◆ **EXERCISE DESCRIPTION**: Go through the data below and gather each line containing "that".
Content starts
lemma density_dicke_mix:
  assumes "K \<le> n" "\<forall>i\<le>K. \<mu> i \<ge> 0" "(\<Sum>i=0..K. \<mu> i) = 1"
  shows "density n (dicke_mix n K \<mu>)"
  unfolding density_def
proof (intro conjI ballI allI)
  show "dicke_mix n K \<mu> y x = cnj (dicke_mix n K \<mu> x y)" for x y
    by (simp add: dicke_mix_entry)
  show "0 \<le> (\<Sum>x\<in>Pow (qubits n). \<Sum>y\<in>Pow (qubits n). cnj (v x) * dicke_mix n K \<mu> x y * v y)" for v
    using sesq_dicke_mix_nonneg[OF assms(2), of n v] unfolding sesq_def .
  show "(\<Sum>x\<in>Pow (qubits n). dicke_mix n K \<mu> x x) = 1"
    unfolding trace_dicke_mix[OF assms(1)] assms(3) by simp
qed

section \<open>Lower bound\<close>

lemma ptrace_add_scaled:
  "ptrace n (\<lambda>x y. \<sigma> x y + c * \<tau> x y) S a b = ptrace n \<sigma> S a b + c * ptrace n \<tau> S a b"
  by (simp add: ptrace_def sum.distrib sum_distrib_left)

lemma ptrace_dicke_mix_alternating:
  assumes "m \<le> n" "S \<subseteq> qubits n" "card S < m" "a \<subseteq> S" "b \<subseteq> S"
  shows "ptrace n (dicke_mix n m (\<lambda>w. (-1) ^ w * real (m choose w))) S a b = 0"
proof -
  have "card a \<le> card S" using assms(2,4) by (intro card_mono) (auto intro: finite_subset)
  show ?thesis
  proof (cases "card a = card b")
    case True
    show ?thesis
      using sum_alternating_marginal_eq_0[OF assms(1,3) \<open>card a \<le> card S\<close>]
      unfolding ptrace_dicke_mix[OF assms(2,4,5)] if_P[OF True] of_real_sum[symmetric]
      by (simp del: of_real_sum)
  qed (simp add: ptrace_dicke_mix[OF assms(2,4,5)])
qed

lemma exists_pos_le_nonzero_weights:
  fixes lam :: "nat \<Rightarrow> real"
  assumes nonneg: "\<forall>i\<le>k. lam i \<ge> 0" and nonzero: "\<forall>i\<le>k. i \<noteq> istar \<longrightarrow> lam i \<noteq> 0"
  obtains \<epsilon> where "\<epsilon> > 0" "\<And>i. i \<le> k \<Longrightarrow> i \<noteq> istar \<Longrightarrow> \<epsilon> \<le> lam i"
proof -
  define A where "A = {i. i \<le> k \<and> i \<noteq> istar}"
  have "finite A" by (simp add: A_def)
  have "lam i > 0" if "i \<in> A" for i
    using nonneg nonzero that unfolding A_def by (simp add: order_less_le)
  then have "Min (insert 1 (lam ` A)) > 0" using \<open>finite A\<close> by (simp add: Min_gr_iff)
  moreover have "Min (insert 1 (lam ` A)) \<le> lam i" if "i \<le> k" "i \<noteq> istar" for i
    using \<open>finite A\<close> that by (intro Min_le) (auto simp: A_def)
  ultimately show ?thesis using that by blast
qed

lemma alternating_perturbation_nonneg:
  fixes lam :: "nat \<Rightarrow> real"
  assumes nonneg: "\<forall>i\<le>k. lam i \<ge> 0" and "istar \<le> k" "\<epsilon> \<ge> 0"
    and small: "\<And>i. i \<le> k \<Longrightarrow> i \<noteq> istar \<Longrightarrow> \<epsilon> * 2 ^ m \<le> lam i"
    and m: "m = k \<or> m = Suc k \<and> odd (k - istar)" and "w \<le> m"
  shows "0 \<le> (if w \<le> k then lam w else 0) + \<epsilon> * (-1) ^ (istar + w) * real (m choose w)"
proof (cases "even (istar + w)")
  case True
  then show ?thesis using nonneg \<open>\<epsilon> \<ge> 0\<close> by simp
next
  case False
  then have "w \<le> k" "w \<noteq> istar"
    using m \<open>w \<le> m\<close> \<open>istar \<le> k\<close> by (auto simp del: even_diff_nat) presburger+
  moreover have "\<epsilon> * real (m choose w) \<le> \<epsilon> * 2 ^ m"
    using binomial_le_pow2[of m w] \<open>\<epsilon> \<ge> 0\<close> by (intro mult_left_mono) (simp_all flip: of_nat_power)
  ultimately show ?thesis using small[of w] False by simp
qed

lemma sum_alternating_perturbation:
  assumes "0 < m" "k \<le> m"
  shows "(\<Sum>i=0..m. (if i \<le> k then lam i else 0) + c * ((-1) ^ i * real (m choose i)))
       = (\<Sum>i=0..k. lam i)"
proof -
  have "(\<Sum>i=0..m. if i \<le> k then lam i else 0) = (\<Sum>i=0..k. lam i)"
    using assms by (intro sum.mono_neutral_cong_right) auto
  moreover have "(\<Sum>i=0..m. (-1) ^ i * real (m choose i)) = 0"
    using choose_alternating_sum[OF assms(1)] by (simp add: atLeast0AtMost)
  ultimately show ?thesis by (simp add: sum.distrib flip: sum_distrib_left)
qed

text \<open>The sign of the perturbation is chosen so that the weight of \<open>D_n^i\<^sub>*\<close> becomes positive.\<close>

lemma obtain_marginal_twin_dicke_mix:
  fixes lam :: "nat \<Rightarrow> real"
  assumes "1 \<le> k" "k \<le> n" "\<forall>i\<le>k. lam i \<ge> 0" "(\<Sum>i=0..k. lam i) = 1"
    and "istar \<le> k" "lam istar = 0" "\<forall>i\<le>k. i \<noteq> istar \<longrightarrow> lam i \<noteq> 0"
    and m: "m = k + min ((k - istar) mod 2) (n - k)"
  obtains \<sigma> x where "density n \<sigma>"
    and "\<And>S a b. S \<subseteq> qubits n \<Longrightarrow> card S < m \<Longrightarrow> a \<subseteq> S \<Longrightarrow> b \<subseteq> S \<Longrightarrow>
           ptrace n \<sigma> S a b = ptrace n (dicke_mix n k lam) S a b"
    and "x \<in> Pow (qubits n)" "\<sigma> x x \<noteq> dicke_mix n k lam x x"
proof -
  have "m \<le> n" "k \<le> m" using assms by auto
  have m_cases: "m = k \<or> m = Suc k \<and> odd (k - istar)"
    using m mod2_eq_if[of "k - istar"] by (auto simp: min_def split: if_splits)
  obtain \<epsilon>0 where "\<epsilon>0 > 0" and \<epsilon>0_le: "\<And>i. i \<le> k \<Longrightarrow> i \<noteq> istar \<Longrightarrow> \<epsilon>0 \<le> lam i"
    using exists_pos_le_nonzero_weights assms(3,7) by blast
  define \<epsilon> where "\<epsilon> = \<epsilon>0 / 2 ^ m"
  define alt where "alt w = (-1) ^ w * real (m choose w)" for w
  define \<mu> where "\<mu> = (\<lambda>w. (if w \<le> k then lam w else 0) + \<epsilon> * (-1) ^ istar * alt w)"
  define \<rho> where "\<rho> = dicke_mix n k lam"
  define \<sigma> where "\<sigma> = dicke_mix n m \<mu>"
  have \<sigma>_eq: "\<sigma> = (\<lambda>x y. \<rho> x y + of_real (\<epsilon> * (-1) ^ istar) * dicke_mix n m alt x y)"
    unfolding \<sigma>_def \<rho>_def \<mu>_def dicke_mix_add_scaled[abs_def] dicke_mix_truncate[OF \<open>k \<le> m\<close>] ..
  have \<mu>_eq: "\<mu> w = (if w \<le> k then lam w else 0) + \<epsilon> * (-1) ^ (istar + w) * real (m choose w)" for w
    by (simp add: \<mu>_def alt_def power_add)
  have "\<epsilon> > 0" using \<open>\<epsilon>0 > 0\<close> by (simp add: \<epsilon>_def)
  have "\<epsilon> * 2 ^ m \<le> lam i" if "i \<le> k" "i \<noteq> istar" for i
    using \<epsilon>0_le[OF that] by (simp add: \<epsilon>_def)
  then have "\<forall>i\<le>m. \<mu> i \<ge> 0"
    unfolding \<mu>_eq using alternating_perturbation_nonneg[OF assms(3,5) less_imp_le[OF \<open>\<epsilon> > 0\<close>] _ m_cases]
    by blast
  moreover have "(\<Sum>i=0..m. \<mu> i) = 1"
    using sum_alternating_perturbation[of m k lam] assms(1,4) \<open>k \<le> m\<close> by (simp add: \<mu>_def alt_def)
  ultimately have dens: "density n \<sigma>"
    unfolding \<sigma>_def using \<open>m \<le> n\<close> by (intro density_dicke_mix) auto
  have marg: "ptrace n \<sigma> S a b = ptrace n \<rho> S a b"
    if "S \<subseteq> qubits n" "card S < m" "a \<subseteq> S" "b \<subseteq> S" for S a b
    unfolding \<sigma>_eq ptrace_add_scaled alt_def
    using ptrace_dicke_mix_alternating[OF \<open>m \<le> n\<close> that] by simp
  define x where "x = {1..istar}"
  have x: "x \<in> Pow (qubits n)" "card x = istar" using assms by (auto simp: x_def qubits_def)
  have "\<sigma> x x = of_real (\<mu> istar / real (n choose istar))"
    using x \<open>istar \<le> k\<close> \<open>k \<le> m\<close> by (simp add: \<sigma>_def dicke_mix_entry)
  moreover have "\<rho> x x = 0" using x \<open>lam istar = 0\<close> by (simp add: \<rho>_def dicke_mix_entry)
  moreover have "\<mu> istar / real (n choose istar) > 0"
    using \<open>\<epsilon> > 0\<close> \<open>lam istar = 0\<close> \<open>istar \<le> k\<close> \<open>k \<le> m\<close> \<open>k \<le> n\<close> by (simp add: \<mu>_eq)
  ultimately have "\<sigma> x x \<noteq> \<rho> x x" using \<open>istar \<le> k\<close> \<open>k \<le> n\<close> by auto
  then show ?thesis using that[OF dens marg[unfolded \<rho>_def] x(1)] unfolding \<rho>_def by blast
qed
Content ends
◆ **TASK SOLUTION**:
    using nonneg nonzero that unfolding A_def by (simp add: order_less_le)
    using \<open>finite A\<close> that by (intro Min_le) (auto simp: A_def)
  ultimately show ?thesis using that by blast
text \<open>The sign of the perturbation is chosen so that the weight of \<open>D_n^i\<^sub>*\<close> becomes positive.\<close>
    using \<epsilon>0_le[OF that] by (simp add: \<epsilon>_def)
    using ptrace_dicke_mix_alternating[OF \<open>m \<le> n\<close> that] by simp
  then show ?thesis using that[OF dens marg[unfolded \<rho>_def] x(1)] unfolding \<rho>_def by blast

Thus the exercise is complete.